И не видишь, как Он смотрит в ее черные, мертвецки бледные глаза. Не видишь и того, как она ему улыбается, отвешивая шутливый не то поклон, не то реверанс. А еще не видишь, как он угрожающе рычит в сторону толпы, в сторону сгустившейся тьмы, которая буквально на глазах развеиваться начинает, расползается по подворотням и темным подвалам, утекает в канализацию и просто в сторону от Него. От того, у кого за спиной тьма чернее ночи, в черных глазах огненное пламя и дыхание ледяной зимы с губ.

— Мы уже никуда не спешим?

Кто-то совсем невзрачный подходит к Нему, оглядывая вытворенное безобразие и почти не замечая, как потрепанная пачка измятых купюр исчезает в кармане дорогого пальто.

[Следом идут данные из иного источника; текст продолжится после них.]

(* Let $v$ be a typical weight, let $X\subset\mathcal{H}(\mathbb{D})$ be a Banach space with bounded point evaluations $\delta_z$, and let $\beta>0$. Let $u\in\mathcal{H}(\mathbb{D})$, $\phi:\mathbb{D}\to\mathbb{D}$ holomorphic, $g\in\mathcal{H}(\mathbb{D})$, $W_{u,\phi}f=u\cdot(f\circ\phi)$ and $T_gf(z)=\int_0^zf(w)g'(w)\,dw$. Then: (i) $W_{u,\phi}:X\to H_{v,0}$ is bounded if and only if $v(z)u(z)\delta_{\phi(z)}\to0$ weak$^*$ in $X^*$ as $|z|\to1$. (ii) $T_g:X\to\mathcal{B}_{v,0}$ is bounded if and only if $v(z)g'(z)\delta_z\to0$ weak$^*$ in $X^*$ as $|z|\to1$. (iii) $T_g:X\to H_{\beta,0}$ is bounded if and only if $(1-|z|^2)^{\beta+1}g'(z)\delta_z\to0$ weak$^*$ in $X^*$ as $|z|\to1$.
   Context: $\mathbb{D}$ is the unit disk, $\mathcal{H}(\mathbb{D})$ its holomorphic functions. $X$ has bounded point evaluations if for each $z\in\mathbb{D}$ there is $\delta_z\in X^*$ with $\delta_z(f)=f(z)$ for all $f\in X$. A typical weight is a continuous radial $v:\mathbb{D}\to(0,1]$, non-increasing in $|z|$, with $v(z)\to0$ as $|z|\to1$. $H_{v,0}=\{f\in\mathcal{H}(\mathbb{D}):\lim_{|z|\to1}v(z)|f(z)|=0\}$ with norm $\sup_z v(z)|f(z)|$; $\mathcal{B}_{v,0}=\{f:\lim_{|z|\to1}v(z)|f'(z)|=0\}$ with norm $|f(0)|+\sup_zv(z)|f'(z)|$; $H_{\beta,0}$ is $H_{v,0}$ for $v(z)=(1-|z|^2)^\beta$. *)

theory Defs
  imports "HOL-Complex_Analysis.Complex_Analysis"
begin

abbreviation disc :: "complex set" where "disc \<equiv> ball 0 1"

definition to_bdry :: "complex filter" where
  "to_bdry = filtercomap norm (at_left (1::real))"

definition typical_weight :: "(complex \<Rightarrow> real) \<Rightarrow> bool" where
  "typical_weight v \<longleftrightarrow>
     continuous_on disc v \<and>
     (\<forall>z\<in>disc. 0 < v z \<and> v z \<le> 1) \<and>
     (\<forall>z\<in>disc. \<forall>w\<in>disc. norm z = norm w \<longrightarrow> v z = v w) \<and>
     (\<forall>z\<in>disc. \<forall>w\<in>disc. norm z \<le> norm w \<longrightarrow> v w \<le> v z) \<and>
     (v \<longlongrightarrow> 0) to_bdry"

— Нет. Я нашел то, что искал.

Он так же неспешно завершает свой путь, который был прерван так беспардонно и нагло, но таким уникальным и не похожим ни на кого существом, что ему даже злиться не хочется.

И в то время, пока Ты вновь рассекаешь воздух, ловко лавируя меж людей, домов, машин и строений, сбивая дыхалку и собственный пульс, Он спокойно погружается в авто с тонированными стеклами. И ты не знаешь, но… Через секунду он тоже мчится, только уже за Тобой.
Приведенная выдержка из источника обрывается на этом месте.